Accordingly, in these embodiments in which input queue 106 is a FIFO queue, instructions can be processed in the order in which they were received with the oldest instruction received being processed before the more-recently received instructions. In some embodiments, input queue 106 can be a work queue that can receive one or more scheduled tasks/services associated with the instruction.
[0027] An example of the information output to input queue 106 by AE component 104 can be as shown in FIG. 3. FIG. 3 is a block diagram
illustrating an embodiment of a format for a work message facilitating multi-word atomic operation support in an SoC. Repetitive description of like elements employed in respective embodiments of systems and/or apparatus described herein are omitted for sake of brevity.

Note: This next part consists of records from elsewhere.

(* Let $u\ge1$ be an integer, $H$ a graph with $\mathrm{dom}(H)\ge u$, and $\Delta\ge\omega\ge\omega_0(H^{\downarrow u})+u$. Let $G$ be a $\{K_u\vee I_{\Delta+1},K_{\omega+1}\}$-free graph such that every $u$-clique $c$ of $G$ with $c\subseteq\mathrm{Dom}(J)$ for some $J\in\mathcal{H}(G)$ satisfies $\omega(c)\ge\omega_0(H^{\downarrow u})+u$. Then \[\mathcal{N}(H,G)\le\frac{\mathcal{N}(H^{\downarrow u},\mathrm{T}_{\omega-u}(\Delta))\,k^u(G)}{\binom{\mathrm{dom}(H)}{u}}.\]
   Context: All graphs are finite and simple. $\mathcal{N}(H,G)$ is the number of (not necessarily induced) subgraphs of $G$ isomorphic to $H$, $\mathcal{H}(G)$ is the set of such subgraphs, and $k^u(G)$ is the number of $u$-cliques of $G$ (cliques identified with vertex sets). A graph is $\mathcal{F}$-free if it has no subgraph isomorphic to a member of $\mathcal{F}$. $K_u\vee I_{\Delta+1}$ is the complete split graph: a $u$-clique, an independent set of $\Delta+1$ vertices, and all edges between them. $\mathrm{T}_r(n)$ is the Turán graph (complete $r$-partite on $n$ vertices with part sizes $\lfloor n/r\rfloor$ or $\lceil n/r\rceil$). A dominating vertex of a graph $J$ is a vertex adjacent in $J$ to all other vertices of $J$; $\mathrm{Dom}(J)$ is their set and $\mathrm{dom}(J)=|\mathrm{Dom}(J)|$. $H^{\downarrow u}$ is $H$ with $u$ dominating vertices deleted. For a $u$-clique $c$ of $G$, $\omega(c)$ is the maximum size of a clique of $G$ containing $c$. For a graph $F$, $\omega_0(F)$ is the least positive integer such that for every integer $r\ge\omega_0(F)$ and every $n\ge1$, every $n$-vertex $K_{r+1}$-free graph $G'$ satisfies $\mathcal{N}(F,G')\le\mathcal{N}(F,\mathrm{T}_r(n))$ (it exists by a theorem of Morrison et al.). *)

theory Defs
  imports Complex_Main
begin

type_synonym 'a graph = "'a set \<times> 'a set set"

definition verts :: "'a graph \<Rightarrow> 'a set" where "verts G = fst G"
definition edges :: "'a graph \<Rightarrow> 'a set set" where "edges G = snd G"

definition wf_graph :: "'a graph \<Rightarrow> bool" where
  "wf_graph G \<longleftrightarrow> finite (verts G) \<and> (\<forall>e\<in>edges G. e \<subseteq> verts G \<and> card e = 2)"

definition subgraph :: "'a graph \<Rightarrow> 'a graph \<Rightarrow> bool" where
  "subgraph J G \<longleftrightarrow> wf_graph J \<and> verts J \<subseteq> verts G \<and> edges J \<subseteq> edges G"
(* Let $n\ge3$ be odd, let $K$ be a field containing an element $v$ transcendental over a subfield $F$, let $q$ be an indeterminate, and let $J_q(n)=D_n/\omega(q)$ with $D_n$ defined over $K(q)$. Then the images in $J_q(n)$ of the elements $[S_1,S_2,\tau]$, where $t$ ranges over positive integers, $S_1,S_2\in\mathrm{Ann}(n)\cap I(t)$ and $\tau\in\{0,1,\dots,t-1\}$, form a $K(q)$-basis of $J_q(n)$.
   Context: Put $[2]=v+v^{-1}$. An affine $n$-diagram consists of the nodes $\mathbb{Z}\times\{0,1\}\subset\mathbb{R}^2$ together with curves called edges such that: every node is an endpoint of exactly one edge; edges lie in $\mathbb{R}\times[0,1]$; an edge not joining two nodes is an infinite horizontal line meeting no node, and there are finitely many such; no two edges intersect; the diagram is invariant under horizontal translation by $n$. Diagrams are taken up to isotopy (equivalently drawn on a cylinder with nodes $1,\dots,n$, indices mod $n$, on a top and a bottom circle). An edge is vertical if it joins a top node to a bottom node. Product $AB$: place $A$ on top of $B$, identify the middle rows, remove the $x$ closed loops formed to get $C$; $AB=[2]^xC$. $D_n$ is the algebra with basis the affine $n$-diagrams. An involution $S$ of $\{1,\dots,n\}$ is annular if for each pair $i<j$ interchanged by $S$: $S(\{i,\dots,j\})=\{i,\dots,j\}$, and $\{i,\dots,j\}$ contains either no fixed point or all fixed points of $S$. $\mathrm{Ann}(n)$: annular involutions; $I(t)$: involutions with exactly $t$ fixed points. For a diagram $D$ with a vertical edge, $w_1(D)$ is the number of pairs $(i,j)\in\mathbb{Z}^2$, $i>j$, with bottom node $(j,0)$ joined to top node $(i,1)$ by an edge crossing $x=1/2$; $w_2(D)$ likewise with $i<j$; $w(D)=w_1(D)-w_2(D)$. The map $D\mapsto(S_1,S_2,w(D))$, with $S_1$ (resp. $S_2$) interchanging $i,j$ iff top (resp. bottom) nodes $i,j$ are joined, is a bijection from diagrams with a vertical edge (all diagrams, when $n$ is odd) onto triples with $S_1,S_2\in\mathrm{Ann}(n)\cap I(t)$, $t>0$, $w\in\mathbb{Z}$; $[S_1,S_2,w]$ denotes the corresponding diagram. $\omega(q)$ is the two-sided ideal of $D_n$ spanned by all $[S_1,S_2,w]-q^s[S_1,S_2,w+ts]$ with $t>0$, $S_1,S_2\in\mathrm{Ann}(n)\cap I(t)$, $w,s\in\mathbb{Z}$. *)

theory Defs
  imports "HOL-Computational_Algebra.Polynomial" "HOL-Computational_Algebra.Fraction_Field"
begin

text \<open>A node (i, True) is the top node (i,1); (i, False) is the bottom node (i,0).
  A diagram without infinite horizontal lines is encoded by the fixed-point-free
  involution of the node set sending each node to the other endpoint of its edge.\<close>

type_synonym node = "int \<times> bool"
type_synonym diag = "node \<Rightarrow> node"

text \<open>Linear order on the boundary of the strip R x [0,1] (bottom row left to right,
  then top row right to left); two chords can be drawn disjointly iff they do not interleave.\<close>
definition bd_less :: "node \<Rightarrow> node \<Rightarrow> bool" where
  "bd_less x y \<longleftrightarrow>
     (if snd x = False \<and> snd y = False then fst x < fst y
      else if snd x = False \<and> snd y = True then True
      else if snd x = True \<and> snd y = False then False
      else fst y < fst x)"

definition noncrossing :: "diag \<Rightarrow> bool" where
  "noncrossing m \<longleftrightarrow>
     \<not> (\<exists>a c. bd_less a c \<and> bd_less c (m a) \<and> bd_less (m a) (m c))"

definition is_diagram :: "nat \<Rightarrow> diag \<Rightarrow> bool" where
  "is_diagram n m \<longleftrightarrow>
     (\<forall>x. m x \<noteq> x) \<and> (\<forall>x. m (m x) = x) \<and>
     (\<forall>i r. m (i + int n, r) = (fst (m (i, r)) + int n, snd (m (i, r)))) \<and>
     noncrossing m"

definition involution_on :: "nat \<Rightarrow> (nat \<Rightarrow> nat) \<Rightarrow> bool" where
  "involution_on n S \<longleftrightarrow>
     (\<forall>i\<in>{1..n}. S i \<in> {1..n} \<and> S (S i) = i) \<and> (\<forall>i. i \<notin> {1..n} \<longrightarrow> S i = i)"

definition fixed_points :: "nat \<Rightarrow> (nat \<Rightarrow> nat) \<Rightarrow> nat set" where
  "fixed_points n S = {k \<in> {1..n}. S k = k}"

definition Ann :: "nat \<Rightarrow> (nat \<Rightarrow> nat) set" where
  "Ann n = {S. involution_on n S \<and>
     (\<forall>i j. 1 \<le> i \<longrightarrow> i < j \<longrightarrow> j \<le> n \<longrightarrow> S i = j \<longrightarrow>
        S ` {i..j} = {i..j} \<and>
        ({k \<in> {i..j}. S k = k} = {} \<or> fixed_points n S \<subseteq> {i..j}))}"

definition Inv :: "nat \<Rightarrow> nat \<Rightarrow> (nat \<Rightarrow> nat) set" where
  "Inv n t = {S. involution_on n S \<and> card (fixed_points n S) = t}"

definition red :: "nat \<Rightarrow> int \<Rightarrow> nat" where
  "red n i = nat ((i - 1) mod int n + 1)"

definition topS :: "nat \<Rightarrow> diag \<Rightarrow> nat \<Rightarrow> nat" where
  "topS n D i = (if i \<in> {1..n} \<and> snd (D (int i, True)) then red n (fst (D (int i, True))) else i)"

definition botS :: "nat \<Rightarrow> diag \<Rightarrow> nat \<Rightarrow> nat" where
  "botS n D i = (if i \<in> {1..n} \<and> \<not> snd (D (int i, False)) then red n (fst (D (int i, False))) else i)"

definition w1 :: "diag \<Rightarrow> nat" where
  "w1 D = card {(i, j). i > j \<and> D (j, False) = (i, True) \<and> j \<le> 0 \<and> 1 \<le> i}"

definition w2 :: "diag \<Rightarrow> nat" where
  "w2 D = card {(i, j). i < j \<and> D (j, False) = (i, True) \<and> i \<le> 0 \<and> 1 \<le> j}"

definition wind :: "diag \<Rightarrow> int" where
  "wind D = int (w1 D) - int (w2 D)"

text \<open>[S1, S2, w]: the diagram corresponding to the triple (bijection stated in the paper).\<close>
definition bracket :: "nat \<Rightarrow> (nat \<Rightarrow> nat) \<Rightarrow> (nat \<Rightarrow> nat) \<Rightarrow> int \<Rightarrow> diag" where
  "bracket n S1 S2 w =
     (THE D. is_diagram n D \<and> topS n D = S1 \<and> botS n D = S2 \<and> wind D = w)"

definition Dn :: "nat \<Rightarrow> (diag \<Rightarrow> 'a::field) set" where
  "Dn n = {f. finite {D. f D \<noteq> 0} \<and> (\<forall>D. f D \<noteq> 0 \<longrightarrow> is_diagram n D)}"

definition dvec :: "diag \<Rightarrow> diag \<Rightarrow> 'a::field" where
  "dvec D = (\<lambda>E. if E = D then 1 else 0)"

definition lin_span :: "('b \<Rightarrow> 'a::field) set \<Rightarrow> ('b \<Rightarrow> 'a) set" where
  "lin_span X = {(\<lambda>E. \<Sum>g\<in>G. c g * g E) | G c. finite G \<and> G \<subseteq> X}"

definition omega :: "nat \<Rightarrow> 'a::field \<Rightarrow> (diag \<Rightarrow> 'a) set" where
  "omega n q = lin_span
     {(\<lambda>E. dvec (bracket n S1 S2 w) E - q powi s * dvec (bracket n S1 S2 (w + int t * s)) E)
       | t S1 S2 w s. t > 0 \<and> S1 \<in> Ann n \<inter> Inv n t \<and> S2 \<in> Ann n \<inter> Inv n t}"

definition quotient_basis ::
  "('b \<Rightarrow> 'a::field) set \<Rightarrow> ('b \<Rightarrow> 'a) set \<Rightarrow> 'i set \<Rightarrow> ('i \<Rightarrow> 'b \<Rightarrow> 'a) \<Rightarrow> bool" where
  "quotient_basis V W I b \<longleftrightarrow>
     (\<forall>i\<in>I. b i \<in> V) \<and>
     (\<forall>x\<in>V. \<exists>G c. finite G \<and> G \<subseteq> I \<and> (\<lambda>E. x E - (\<Sum>i\<in>G. c i * b i E)) \<in> W) \<and>
     (\<forall>G c. finite G \<longrightarrow> G \<subseteq> I \<longrightarrow> (\<lambda>E. \<Sum>i\<in>G. c i * b i E) \<in> W \<longrightarrow> (\<forall>i\<in>G. c i = 0))"

definition qvar :: "'k::field poly fract" where
  "qvar = Fract [:0, 1:] 1"

definition is_subfield :: "'k::field set \<Rightarrow> bool" where
  "is_subfield F \<longleftrightarrow> 0 \<in> F \<and> 1 \<in> F \<and> (\<forall>x\<in>F. \<forall>y\<in>F. x + y \<in> F \<and> x * y \<in> F) \<and>
     (\<forall>x\<in>F. - x \<in> F \<and> inverse x \<in> F)"

definition transcendental_over :: "'k::field \<Rightarrow> 'k set \<Rightarrow> bool" where
  "transcendental_over v F \<longleftrightarrow>
     (\<forall>p. p \<noteq> 0 \<longrightarrow> (\<forall>i. coeff p i \<in> F) \<longrightarrow> poly p v \<noteq> 0)"

definition Jindex :: "nat \<Rightarrow> (nat \<times> (nat \<Rightarrow> nat) \<times> (nat \<Rightarrow> nat) \<times> nat) set" where
  "Jindex n = {(t, S1, S2, \<tau>). t > 0 \<and> S1 \<in> Ann n \<inter> Inv n t \<and> S2 \<in> Ann n \<inter> Inv n t \<and> \<tau> < t}"

end

(*
  For odd n every involution of {1..n} has a fixed point, and a diagram is determined by its top
  and bottom involutions and its winding number. Non-crossing means that every arc nests the nodes
  under it and that vertical edges preserve order. Hence, for an annular involution, an arc runs
  inside the window exactly when no fixed point lies between its ends and around the back of the
  cylinder otherwise, and the vertical edges join the free top and bottom nodes, each enumerated
  increasingly over the integers, by a shift k |-> k + w whose amount w is the winding number.
  Conversely these prescriptions always define a diagram, so [S1, S2, w] is well defined.

  Modulo omega(q), [S1, S2, w] is q^(-s) [S1, S2, w + t s], so every diagram is congruent to a
  multiple of some [S1, S2, tau] with 0 <= tau < t. For independence, the functional sending
  [A, B, tau + t k] to q^(-k) and every other diagram to 0 vanishes on omega(q) and is dual to
  the proposed basis.
*)

theory Submission
  imports Defs
begin
definition wf_struc :: "sig \<Rightarrow> struc \<Rightarrow> bool" where
  "wf_struc \<sigma> S \<longleftrightarrow> (\<forall>i xs. S i xs \<longrightarrow> i < length \<sigma> \<and> length xs = \<sigma> ! i)"

definition iso :: "sig \<Rightarrow> struc \<Rightarrow> struc \<Rightarrow> bool" where
  "iso \<sigma> S T \<longleftrightarrow> (\<exists>f. bij (f :: nat \<Rightarrow> nat) \<and>
      (\<forall>i < length \<sigma>. \<forall>xs. length xs = \<sigma> ! i \<longrightarrow> (S i xs \<longleftrightarrow> T i (map f xs))))"

definition family :: "sig \<Rightarrow> struc set \<Rightarrow> bool" where
  "family \<sigma> K \<longleftrightarrow> countable K \<and> (\<forall>A\<in>K. wf_struc \<sigma> A) \<and>
     (\<forall>A\<in>K. \<forall>B\<in>K. iso \<sigma> A B \<longrightarrow> A = B)"

definition LD :: "sig \<Rightarrow> struc set \<Rightarrow> struc set" where
  "LD \<sigma> K = {S. wf_struc \<sigma> S \<and> (\<exists>A\<in>K. iso \<sigma> S A)}"

definition restr :: "struc \<Rightarrow> nat \<Rightarrow> nat \<times> struc" where
  "restr S s = (s, (\<lambda>i xs. S i xs \<and> set xs \<subseteq> {0..s}))"

text \<open>Hypotheses: Some A stands for the code of A (A in K), None for '?'.
A learner maps finite restrictions to hypotheses.\<close>
type_synonym learner = "nat \<times> struc \<Rightarrow> struc option"

definition is_learner :: "sig \<Rightarrow> struc set \<Rightarrow> learner \<Rightarrow> bool" where
  "is_learner \<sigma> K M \<longleftrightarrow>
     (\<forall>S\<in>LD \<sigma> K. \<forall>s. M (restr S s) = None \<or> (\<exists>A\<in>K. M (restr S s) = Some A))"

definition Ex_learns :: "sig \<Rightarrow> struc set \<Rightarrow> learner \<Rightarrow> bool" where
  "Ex_learns \<sigma> K M \<longleftrightarrow> (\<forall>S\<in>LD \<sigma> K. \<exists>A\<in>K. iso \<sigma> A S \<and>
       (\<exists>n0. \<forall>n\<ge>n0. M (restr S n) = Some A))"

definition nUs_learns :: "sig \<Rightarrow> struc set \<Rightarrow> learner \<Rightarrow> bool" where
  "nUs_learns \<sigma> K M \<longleftrightarrow> Ex_learns \<sigma> K M \<and>
     (\<forall>S\<in>LD \<sigma> K. \<forall>A\<in>K. iso \<sigma> S A \<longrightarrow>
        (\<forall>n0. M (restr S n0) = Some A \<and> (\<forall>n<n0. M (restr S n) \<noteq> Some A) \<longrightarrow>
           (\<forall>m>n0. M (restr S m) = Some A)))"

definition Dec_learns :: "sig \<Rightarrow> struc set \<Rightarrow> learner \<Rightarrow> bool" where
  "Dec_learns \<sigma> K M \<longleftrightarrow> Ex_learns \<sigma> K M \<and>
     (\<forall>S\<in>LD \<sigma> K. \<forall>A\<in>K. \<forall>n. M (restr S n) = Some A \<and> M (restr S (Suc n)) \<noteq> Some A \<longrightarrow>
        (\<forall>m>n. M (restr S m) \<noteq> Some A))"

definition nUs_learnable :: "sig \<Rightarrow> struc set \<Rightarrow> bool" where
  "nUs_learnable \<sigma> K \<longleftrightarrow> (\<exists>M. is_learner \<sigma> K M \<and> nUs_learns \<sigma> K M)"

definition Dec_learnable :: "sig \<Rightarrow> struc set \<Rightarrow> bool" where
  "Dec_learnable \<sigma> K \<longleftrightarrow> (\<exists>M. is_learner \<sigma> K M \<and> Dec_learns \<sigma> K M)"

end

theory Submission
  imports Defs
begin

text \<open>A Dec-learner never returns to a hypothesis it has abandoned. As the members of the
family are pairwise nonisomorphic, the correct hypothesis is the one output in the limit, so
once a Dec-learner reaches it, it can never leave it again: it is already an nUs-learner.
Conversely, an nUs-learner becomes a Dec-learner when every output that returns to an earlier,
abandoned guess is replaced by \<open>?\<close>. This never touches the correct hypothesis, whose
outputs form one unbroken block from its first appearance on.\<close>

lemma iso_sym:
  assumes "iso \<sigma> A B" shows "iso \<sigma> B A"
proof -
  obtain f where f: "bij f" "\<forall>i < length \<sigma>. \<forall>xs. length xs = \<sigma> ! i \<longrightarrow> (A i xs \<longleftrightarrow> B i (map f xs))"
    using assms unfolding iso_def by blast
  have "\<forall>i < length \<sigma>. \<forall>xs. length xs = \<sigma> ! i \<longrightarrow> (B i xs \<longleftrightarrow> A i (map (inv f) xs))"
  proof (intro allI impI)
    fix i and xs :: "nat list" assume "i < length \<sigma>" "length xs = \<sigma> ! i"
    with f(2) have "A i (map (inv f) xs) \<longleftrightarrow> B i (map f (map (inv f) xs))" by simp
    moreover have "map f (map (inv f) xs) = xs"
      using f(1) by (simp add: bij_is_surj surj_f_inv_f map_idI)
    ultimately show "B i xs \<longleftrightarrow> A i (map (inv f) xs)" by simp
  qed
  with bij_imp_bij_inv[OF f(1)] show ?thesis unfolding iso_def by blast
qed
lemma commutator_bilinear_extension:
  assumes "p > 1" and ab: "a \<in> carrier H" "b \<in> carrier H" "a \<otimes>\<^bsub>H\<^esub> b = b \<otimes>\<^bsub>H\<^esub> a"
    and val: "\<alpha> a = 1" "\<alpha> b = 0" "\<beta> a = 0" "\<beta> b = 1"
  shows "commutator (bilinear_extension H p \<alpha> \<beta>) (a, 0) (b, 0) = (\<one>\<^bsub>H\<^esub>, 1)"
proof -
  interpret P: group "bilinear_extension H p \<alpha> \<beta>"
    by (rule group_bilinear_extension)
  define ba where "ba = (b, 0) \<otimes>\<^bsub>bilinear_extension H p \<alpha> \<beta>\<^esub> (a, 0)"
  have carrier: "ba \<in> carrier (bilinear_extension H p \<alpha> \<beta>)" "(\<one>\<^bsub>H\<^esub>, 1) \<in> carrier (bilinear_extension H p \<alpha> \<beta>)"
    using ab \<open>p > 1\<close> by (simp_all add: ba_def)
  have "commutator (bilinear_extension H p \<alpha> \<beta>) (a, 0) (b, 0)
      = (a, 0) \<otimes>\<^bsub>bilinear_extension H p \<alpha> \<beta>\<^esub> (b, 0) \<otimes>\<^bsub>bilinear_extension H p \<alpha> \<beta>\<^esub> inv\<^bsub>bilinear_extension H p \<alpha> \<beta>\<^esub> ba"
    using ab p by (simp add: P.commutator_eq ba_def del: mult_bilinear_extension)
  also have "(a, 0) \<otimes>\<^bsub>bilinear_extension H p \<alpha> \<beta>\<^esub> (b, 0) = (\<one>\<^bsub>H\<^esub>, 1) \<otimes>\<^bsub>bilinear_extension H p \<alpha> \<beta>\<^esub> ba"
    using ab val \<open>p > 1\<close> H.hom_integer_mod_group_one[OF \<alpha>] by (simp add: ba_def)
  finally show ?thesis
    using carrier by (metis P.inv_closed P.m_assoc P.r_inv P.r_one)
qed

end

context abelian_central_extension
begin

lemma hom_comp_integer_mod_group:
  "\<phi> \<in> hom G (integer_mod_group p) \<Longrightarrow> \<phi> \<circ> \<pi> \<in> hom H (integer_mod_group p)"
  using hom by (auto simp: hom_def Pi_iff)

lemma abelian_central_extension_bilinear_extension:
  assumes p: "p > 0" and \<phi>: "\<phi> \<in> hom G (integer_mod_group p)" and \<psi>: "\<psi> \<in> hom G (integer_mod_group p)"
  shows "abelian_central_extension G (bilinear_extension H p (\<phi> \<circ> \<pi>) (\<psi> \<circ> \<pi>)) (\<pi> \<circ> fst)"
proof -
  interpret group_hom H G \<pi> by (rule group_hom)
  let ?P = "bilinear_extension H p (\<phi> \<circ> \<pi>) (\<psi> \<circ> \<pi>)"
  have P: "group ?P"
    using H.group_axioms p hom_comp_integer_mod_group[OF \<phi>] hom_comp_integer_mod_group[OF \<psi>]
    by (rule group_bilinear_extension)
  have \<phi>1: "\<phi> \<one>\<^bsub>G\<^esub> = 0" and \<psi>1: "\<psi> \<one>\<^bsub>G\<^esub> = 0"
    using G.hom_integer_mod_group_one \<phi> \<psi> by blast+
  show ?thesis
  proof (intro abelian_central_extension.intro abelian_central_extension_axioms.intro)
    show "group ?P" "comm_group G"
      by (fact P) (fact G.comm_group_axioms)
    show "\<pi> \<circ> fst \<in> hom ?P G"
      by (auto simp: hom_def)
    show "(\<pi> \<circ> fst) ` carrier ?P = carrier G"
      using surj fst_image_bilinear_extension[OF p] by (metis image_comp)
    show "kernel ?P G (\<pi> \<circ> fst) \<subseteq> group_center ?P"
    proof
      fix u assume "u \<in> kernel ?P G (\<pi> \<circ> fst)"
      then obtain k a where u: "u = (k, a)" "k \<in> carrier H" "\<pi> k = \<one>\<^bsub>G\<^esub>" "a \<in> {0..<int p}"
        by (auto simp: kernel_def)
      have "u \<otimes>\<^bsub>?P\<^esub> v = v \<otimes>\<^bsub>?P\<^esub> u" if v_in: "v \<in> carrier ?P" for v
      proof -
        obtain h b where v: "v = (h, b)" "h \<in> carrier H"
          using v_in by auto
        then have "k \<otimes>\<^bsub>H\<^esub> h = h \<otimes>\<^bsub>H\<^esub> k"
          using central_if_image_one[OF u(2,3)] by (simp add: group_center_def)
        then show ?thesis
          using u v \<phi>1 \<psi>1 by (simp add: add.commute)
      qed
      moreover have "u \<in> carrier ?P"
        using u by simp
      ultimately show "u \<in> group_center ?P"
        unfolding group_center_def by blast
    qed
  qed
qed

lemma kernel_bilinear_extension_subset_derived:
  assumes p: "p > 1" and \<phi>: "\<phi> \<in> hom G (integer_mod_group p)" and \<psi>: "\<psi> \<in> hom G (integer_mod_group p)"
    and stem: "kernel H G \<pi> \<subseteq> derived H (carrier H)"
    and ab: "a \<in> carrier H" "b \<in> carrier H" "a \<otimes>\<^bsub>H\<^esub> b = b \<otimes>\<^bsub>H\<^esub> a"
    and val: "\<phi> (\<pi> a) = 1" "\<phi> (\<pi> b) = 0" "\<psi> (\<pi> a) = 0" "\<psi> (\<pi> b) = 1"
  defines "P \<equiv> bilinear_extension H p (\<phi> \<circ> \<pi>) (\<psi> \<circ> \<pi>)"
  shows "kernel P G (\<pi> \<circ> fst) \<subseteq> derived P (carrier P)"
proof
  interpret group_hom H G \<pi> by (rule group_hom)
  interpret P: group P
    unfolding P_def using p H.group_axioms hom_comp_integer_mod_group[OF \<phi>] hom_comp_integer_mod_group[OF \<psi>]
    by (intro group_bilinear_extension) auto
  have \<phi>1: "\<phi> \<one>\<^bsub>G\<^esub> = 0" and \<psi>1: "\<psi> \<one>\<^bsub>G\<^esub> = 0"
    using G.hom_integer_mod_group_one \<phi> \<psi> by blast+
  have \<alpha>: "\<phi> \<circ> \<pi> \<in> hom H (integer_mod_group p)" and \<beta>: "\<psi> \<circ> \<pi> \<in> hom H (integer_mod_group p)"
    using hom_comp_integer_mod_group \<phi> \<psi> by blast+
  let ?D = "derived P (carrier P)"
  have D: "subgroup ?D P"
    by (simp add: P.derived_is_subgroup)
  have "(a, 0) \<in> carrier P" "(b, 0) \<in> carrier P"
    using ab p by (simp_all add: P_def)
  then have "commutator P (a, 0) (b, 0) \<in> ?D"
    by (rule P.commutator_in_derived)
  then have "(\<one>\<^bsub>H\<^esub>, 1) \<in> ?D"
    using commutator_bilinear_extension[OF H.group_axioms _ \<alpha> \<beta> p ab] val p by (simp add: P_def)
  then have central_D: "(\<one>\<^bsub>H\<^esub>, c) \<in> ?D" if "c \<in> {0..<int p}" for c
    using central_mem_subgroup_bilinear_extension[OF H.group_axioms _ \<alpha> \<beta> D[unfolded P_def]] that p
    by (simp add: P_def)
  fix u assume "u \<in> kernel P G (\<pi> \<circ> fst)"
  then obtain k c where u: "u = (k, c)" "k \<in> kernel H G \<pi>" "c \<in> {0..<int p}"
    by (auto simp: kernel_def P_def)
  have "group_hom P H fst"
    using fst_hom_bilinear_extension P.group_axioms H.group_axioms
    by (simp add: group_hom_def group_hom_axioms_def P_def)
  then have "derived H (carrier H) = fst ` ?D"
    using group_hom.derived_img[of P H fst "carrier P"] fst_image_bilinear_extension p by (simp add: P_def)
  then obtain e where e: "(k, e) \<in> ?D"
    using u(2) stem by force
  then have "(k, e) \<otimes>\<^bsub>P\<^esub> (\<one>\<^bsub>H\<^esub>, (c - e) mod p) \<in> ?D"
    using p by (intro subgroup.m_closed[OF D] central_D) auto
  moreover have "(k, e) \<otimes>\<^bsub>P\<^esub> (\<one>\<^bsub>H\<^esub>, (c - e) mod p) = u"
    using u \<psi>1 by (simp add: P_def kernel_def mod_simps)
  ultimately show "u \<in> ?D"
    by simp
qed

[0028] In FIG. 3, one or more portions of the instruction received by AE component 104 can include the format or content shown as work message 300. In some embodiments, the interface between CPU 110 and AE component 104 can be AtomicUpdateCmd Message based.
[0029] In some embodiments, work message 300 can be 32 bytes long while, in other embodiments, work message 300 can be 64 bytes long. Work message 300 can include a number of different fields, which can be in any order and/or can be adjacent or non-adjacent one another. The embodiment of work message 300 shown includes message format field 302, opcode field 304, operand field 306 and message sequence number (MSN) field 308.
[0030] Message format field 302 can be provided in a byte of information of work message 300. For example, message format field can be the first byte of information in work message 300, and can describe the layout (e.g., number of bytes, etc.) of work message 300.
[0031] Opcode field 304 can include information specifying one or more operations to be performed as part of the instruction. The operations can be extracted from work message 300 by AE component 104 and identified as operations to be performed via the instruction. In the example shown, opcode field 304 includes a Fetch-and-Add CPU instruction 310, an Update CPU instruction 312 and a Compare-and-Swap CPU instruction 314. In other embodiments, one or more of the instructions can be provided in opcode field 304 and/or one or more different instructions can be provided in opcode field 304. In various embodiments, instructions indicated in opcode field 304 can be atomic instructions. [0032] Fetch-and-Add CPU instruction 310 is an atomic instruction that can increment the contents of a memory location. For example, the memory location can be specified by an address and the Fetch-and-Add CPU instruction 310 can atomically modify the information at the memory location. A Fetch-and- Add CPU instruction 310 increments the value at the memory location by an amount indicated by the Fetch-and-Add operand 316 within operand field 306.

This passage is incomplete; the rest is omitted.